Многим своим читателям, критикам и знакомым я должен объяснить, как я, эстонский поэт-писатель, стал писать по-русски. Как это все началось, я уже написал в предисловии «В начале был Лермонтов» к моей второй русскоязычной книге «Белые бабочки ночи». Эта история имеет и продолжение, отчасти смешное и трогательное. 

После подавления антикоммунистической революции в Венгрии, мне стало казаться, что я не хочу и уже просто не смогу в будущем жить в СССР, что надо уехать, уйти. У меня не было никаких идей насчет того, каким образом уехать, но были идеи о том, чем заниматься на Западе, скорее всего в Америке. Во время первых спутников на Западе заметно рос интерес к русскому языку, к русской литературе и культуре. Мне казалось, что надо взяться за изучение русского языка, читать русские книги, подготовиться к тому, чтобы стать специалистом в этой области, а потом, Бог даст, найти возможность уехать и там уже стать преподавателем русского языка и литературы. В этой идее было много наивности, но несомненно было и рациональное зерно. В то время я еще понятия не имел о том, что первые Каплинские были крещеными евреями и мне, наверное, удалось бы уехать «к родственникам» в Израиль, а оттуда уже куда поведет Фортуна. Не имел я понятия и о том, что в нашем Тартуском университете преподает Юрий Лотман, крупнейший специалист по русской литературе, культуре и не только. Если бы я поступил на русскую филологию, стал учеником Лотмана и его сподвижников, я мог бы сделаться профессором-русистом где-нибудь в Калифорнии или Австралии. Но Фортуна меня немножко подвела. Хотя кто знает, может быть все-таки и нет. В биографии, как в истории, нет или почти нет сослагательного наклонения. 
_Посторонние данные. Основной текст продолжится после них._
(* Let $\varphi,\psi$ be unital linear functionals on $\mathbb{C}\langle X,Y\rangle$ such that $X$ and $Y$ are $c$-free with respect to $(\varphi,\psi)$. Then for every $P\in\mathbb{C}\langle X,Y\rangle$: (a) $\beta^{b,\varphi}_X(P)=\epsilon(P)+(\beta^{\delta,\varphi}_X\otimes\beta^{b,\varphi}_X)(\overleftarrow{\delta}_XP)=\epsilon(P)+(\beta^{b,\varphi}_X\otimes\beta^{\delta,\varphi}_X)(\overrightarrow{\delta}_XP)$; (b) $$\beta^{\delta,\varphi}_X(P)=\epsilon(P)+\sum_{k=1}^\infty\beta^\varphi_k(X,\dots,X)\,\bigl[\epsilon\otimes(\beta^{b,\psi}_Y)^{\otimes(k-1)}\otimes\epsilon\bigr]\bigl(\partial_X^k P\bigr).$$
   Context: $\mathbb{C}\langle X,Y\rangle$ is the free unital algebra on two letters; $\epsilon(P)$ is the constant coefficient of $P$. $X,Y$ are $c$-free w.r.t. $(\varphi,\psi)$ if the unital subalgebras $\mathbb{C}\langle X\rangle$, $\mathbb{C}\langle Y\rangle$ are free w.r.t. $\psi$ (i.e. $\psi(u_1\cdots u_n)=0$ for alternating centered $u_j$) and $\varphi(u_1\cdots u_n)=\varphi(u_1)\cdots\varphi(u_n)$ for alternating $u_j$ with $\psi(u_j)=0$. For a functional $\theta$, $\beta^\theta_n$ are the Boolean cumulants: $\theta(a_1\cdots a_n)=\sum_{k=1}^n\beta^\theta_k(a_1,\dots,a_k)\theta(a_{k+1}\cdots a_n)$. Every monomial $W\ne1$ has a unique block factorization $W=U_1\cdots U_n$ into nonempty monomials each in $X$ only or $Y$ only, alternating. Block Boolean functional: $\beta^{b,\theta}(1)=1$, $\beta^{b,\theta}(W)=\beta^\theta_n(U_1,\dots,U_n)$; $\beta^{b,\theta}_X(1)=1$, $\beta^{b,\theta}_X(W)=\beta^{b,\theta}(W)$ if the first and last letters of $W\neq 1$ are $X$, and $0$ otherwise ($\beta^{b,\theta}_Y$ analogously). Letter-wise functional: $\beta^{\delta,\theta}_X(1)=1$, $\beta^{\delta,\theta}_X(Z_1\cdots Z_k)=\beta^\theta_k(Z_1,\dots,Z_k)$ ($Z_i\in\{X,Y\}$) if $Z_1=Z_k=X$, else $0$. All are extended linearly. On monomials: $\partial_X^k(W)=\sum W_0\otimes W_1\otimes\cdots\otimes W_k$ over all factorizations $W=W_0XW_1X\cdots XW_k$ ($W_i$ monomials, possibly $1$); $\overrightarrow{\delta}_X(W)=\sum_{W=UXV}U\otimes XV$ and $\overleftarrow{\delta}_X(W)=\sum_{W=UXV}UX\otimes V$; extended linearly. Tensor products of functionals act by $(f_0\otimes\cdots\otimes f_k)(W_0\otimes\cdots\otimes W_k)=\prod f_i(W_i)$. *)

theory Defs
  imports Complex_Main
begin

text \<open>The free unital algebra C<X,Y>: monomials are words over the two letters,
  a polynomial is a finitely supported coefficient function on words.
  A linear functional on C<X,Y> is given by its values on monomials and
  extended linearly via app.\<close>

datatype letter = X | Y

type_synonym word = "letter list"
type_synonym cpoly = "word \<Rightarrow> complex"

definition supp :: "cpoly \<Rightarrow> word set" where
  "supp P = {w. P w \<noteq> 0}"

definition is_poly :: "cpoly \<Rightarrow> bool" where
  "is_poly P \<longleftrightarrow> finite (supp P)"

definition app :: "(word \<Rightarrow> complex) \<Rightarrow> cpoly \<Rightarrow> complex" where
  "app f P = (\<Sum>w\<in>supp P. P w * f w)"

definition mono :: "word \<Rightarrow> cpoly" where
  "mono w = (\<lambda>v. if v = w then 1 else 0)"

definition pmult :: "cpoly \<Rightarrow> cpoly \<Rightarrow> cpoly" where
  "pmult P Q = (\<lambda>w. \<Sum>i\<le>length w. P (take i w) * Q (drop i w))"

fun pprod :: "cpoly list \<Rightarrow> cpoly" where
  "pprod [] = mono []"
| "pprod (u # us) = pmult u (pprod us)"

definition in_alg :: "letter \<Rightarrow> cpoly \<Rightarrow> bool" where
  "in_alg a P \<longleftrightarrow> is_poly P \<and> (\<forall>w. P w \<noteq> 0 \<longrightarrow> set w \<subseteq> {a})"

definition alternating :: "letter list \<Rightarrow> cpoly list \<Rightarrow> bool" where
  "alternating ls us \<longleftrightarrow> length ls = length us \<and>
     (\<forall>i<length us. in_alg (ls ! i) (us ! i)) \<and>
     (\<forall>i. Suc i < length ls \<longrightarrow> ls ! i \<noteq> ls ! Suc i)"

definition unital :: "(word \<Rightarrow> complex) \<Rightarrow> bool" where
  "unital f \<longleftrightarrow> f [] = 1"

definition free_wrt :: "(word \<Rightarrow> complex) \<Rightarrow> bool" where
  "free_wrt psi \<longleftrightarrow> (\<forall>ls us. us \<noteq> [] \<longrightarrow> alternating ls us \<longrightarrow>
      (\<forall>u\<in>set us. app psi u = 0) \<longrightarrow> app psi (pprod us) = 0)"

definition c_free :: "(word \<Rightarrow> complex) \<Rightarrow> (word \<Rightarrow> complex) \<Rightarrow> bool" where
  "c_free phi psi \<longleftrightarrow> free_wrt psi \<and>
     (\<forall>ls us. us \<noteq> [] \<longrightarrow> alternating ls us \<longrightarrow>
      (\<forall>u\<in>set us. app psi u = 0) \<longrightarrow>
      app phi (pprod us) = (\<Prod>u\<leftarrow>us. app phi u))"

text \<open>Boolean cumulants: theta(a1...an) = sum_k beta_k(a1..ak) theta(a_{k+1}..a_n),
  where the term k = n contributes beta_n(a1..an) * theta(1) = beta_n(a1..an) (theta unital).\<close>
function bcum :: "(word \<Rightarrow> complex) \<Rightarrow> cpoly list \<Rightarrow> complex" where
  "bcum th as = (if as = [] then 0 else
     app th (pprod as) - (\<Sum>k\<in>{1..<length as}. bcum th (take k as) * app th (pprod (drop k as))))"
  by auto
termination
  by (relation "measure (\<lambda>(th, as). length as)") auto

text \<open>block factorization into maximal runs of equal letters\<close>
fun blocks :: "word \<Rightarrow> word list" where
  "blocks [] = []"
| "blocks (a # w) = (case blocks w of [] \<Rightarrow> [[a]]
     | b # bs \<Rightarrow> (if hd b = a then (a # b) # bs else [a] # b # bs))"

definition bb :: "(word \<Rightarrow> complex) \<Rightarrow> word \<Rightarrow> complex" where
  "bb th W = (if W = [] then 1 else bcum th (map mono (blocks W)))"

definition bb_let :: "letter \<Rightarrow> (word \<Rightarrow> complex) \<Rightarrow> word \<Rightarrow> complex" where
  "bb_let a th W = (if W = [] then 1 else if hd W = a \<and> last W = a then bb th W else 0)"

definition bdelta :: "letter \<Rightarrow> (word \<Rightarrow> complex) \<Rightarrow> word \<Rightarrow> complex" where
  "bdelta a th W = (if W = [] then 1 else if hd W = a \<and> last W = a
       then bcum th (map (\<lambda>z. mono [z]) W) else 0)"

definition eps :: "word \<Rightarrow> complex" where
  "eps W = (if W = [] then 1 else 0)"

text \<open>coproducts on monomials, as lists of simple tensors\<close>
definition delta_left :: "letter \<Rightarrow> word \<Rightarrow> (word \<times> word) list" where
  "delta_left a W = [(take (Suc i) W, drop (Suc i) W). i \<leftarrow> [0..<length W], W ! i = a]"

definition delta_right :: "letter \<Rightarrow> word \<Rightarrow> (word \<times> word) list" where
  "delta_right a W = [(take i W, drop i W). i \<leftarrow> [0..<length W], W ! i = a]"

text \<open>partial^k: all factorizations W = W0 a W1 a ... a Wk, as lists [W0,...,Wk]\<close>
fun partial :: "letter \<Rightarrow> nat \<Rightarrow> word \<Rightarrow> word list list" where
  "partial a 0 W = [[W]]"
| "partial a (Suc k) W = concat [map (\<lambda>r. take i W # r) (partial a k (drop (Suc i) W)).
      i \<leftarrow> [0..<length W], W ! i = a]"

definition tens2 :: "(word \<Rightarrow> complex) \<Rightarrow> (word \<Rightarrow> complex) \<Rightarrow> (word \<times> word) list \<Rightarrow> complex" where
  "tens2 f g ts = (\<Sum>(u, v)\<leftarrow>ts. f u * g v)"

definition tens :: "(word \<Rightarrow> complex) list \<Rightarrow> word list list \<Rightarrow> complex" where
  "tens fs ts = (\<Sum>t\<leftarrow>ts. \<Prod>(f, w)\<leftarrow>zip fs t. f w)"

end

(*
  Under c-freeness, the vectors (U1 - psi U1) ... (U(n-1) - psi U(n-1)) (Un - phi Un), indexed by the
  block factorisations U1 ... Un of the nonempty words, together with 1 form a basis of C<X,Y> on
  which phi vanishes except at 1. So phi W is the vacuum-to-vacuum amplitude of a walk on words
  driven by left multiplication with the letters of W, and the letter-wise Boolean cumulants are the
  weights of the excursions away from the vacuum. Away from the vacuum, left multiplication never
  changes the last letter of the state, so letter-wise cumulants whose first and last letters differ
  vanish. Part (a) follows, since a block cumulant expands into products of letter-wise cumulants
  over the interval partitions that do not cut at a block boundary.

  For part (b), every state visited by an excursion of a word that starts with X ends with an
  X-block; split it into this block and the prefix before it. The prefix moves as in the model of (psi, psi), whose amplitudes are the block
  cumulants beta^{b,psi}_Y, while the X-block only grows; its growth is governed by the Boolean
  cumulants of X alone.
*)

theory Submission
  imports Defs
begin

section \<open>Polynomials and linear functionals\<close>

lemma supp_mono [simp]: "supp (mono w) = {w}"
  by (auto simp: supp_def mono_def)

lemma is_poly_mono: "is_poly (mono w)"
  by (simp add: is_poly_def)

lemma app_eq_sum_superset:
  assumes "finite A" "supp P \<subseteq> A"
  shows "app f P = (\<Sum>w\<in>A. P w * f w)"
  unfolding app_def by (rule sum.mono_neutral_left) (use assms in \<open>auto simp: supp_def\<close>)

lemma app_mono [simp]: "app f (mono w) = f w"
  unfolding app_def supp_mono by (simp add: mono_def)

lemma app_cong: "(\<And>w. w \<in> supp P \<Longrightarrow> f w = g w) \<Longrightarrow> app f P = app g P"
  by (simp add: app_def)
Вот я и стал в возрасте 15 -16 лет подготавливаться к специальности филолога-русиста. Читал русскую классическую литературу. Систематически, по алфавиту. Брал книги в городской библиотеке. Начал с Леонида Андреева, потом прочитал Гаршина, затем Гоголя, и так далее. За неделю прочитывал одну книгу и шел за другой. Помню, что дошел до Маяковского. Но свои занятия русской литературой почему-то я так и не довел до Тургенева, почему-то остановился на половине алфавита. Возникли другие интересы, стал заниматься французским языком и поступил на отделение французской филологии Тартуского университета. Стал писать стихи, серьезно занялся лингвистикой. И нашел во французской, английской и испанской поэзии больше интересного, чем в русской современной поэзии. И только во время перестройки снова натолкнулся на стихи доселе неизвестных мне поэтов — Ходасевича, потом Георгия Иванова, Адамовича... И пережил что-то похожее на мое первую встречу с Лермонтовым. А через некоторое время потихоньку попробовал писать кое-что по-русски. Без амбиций, скорее в порядке эксперимента. Но, кажется, эксперимент удался...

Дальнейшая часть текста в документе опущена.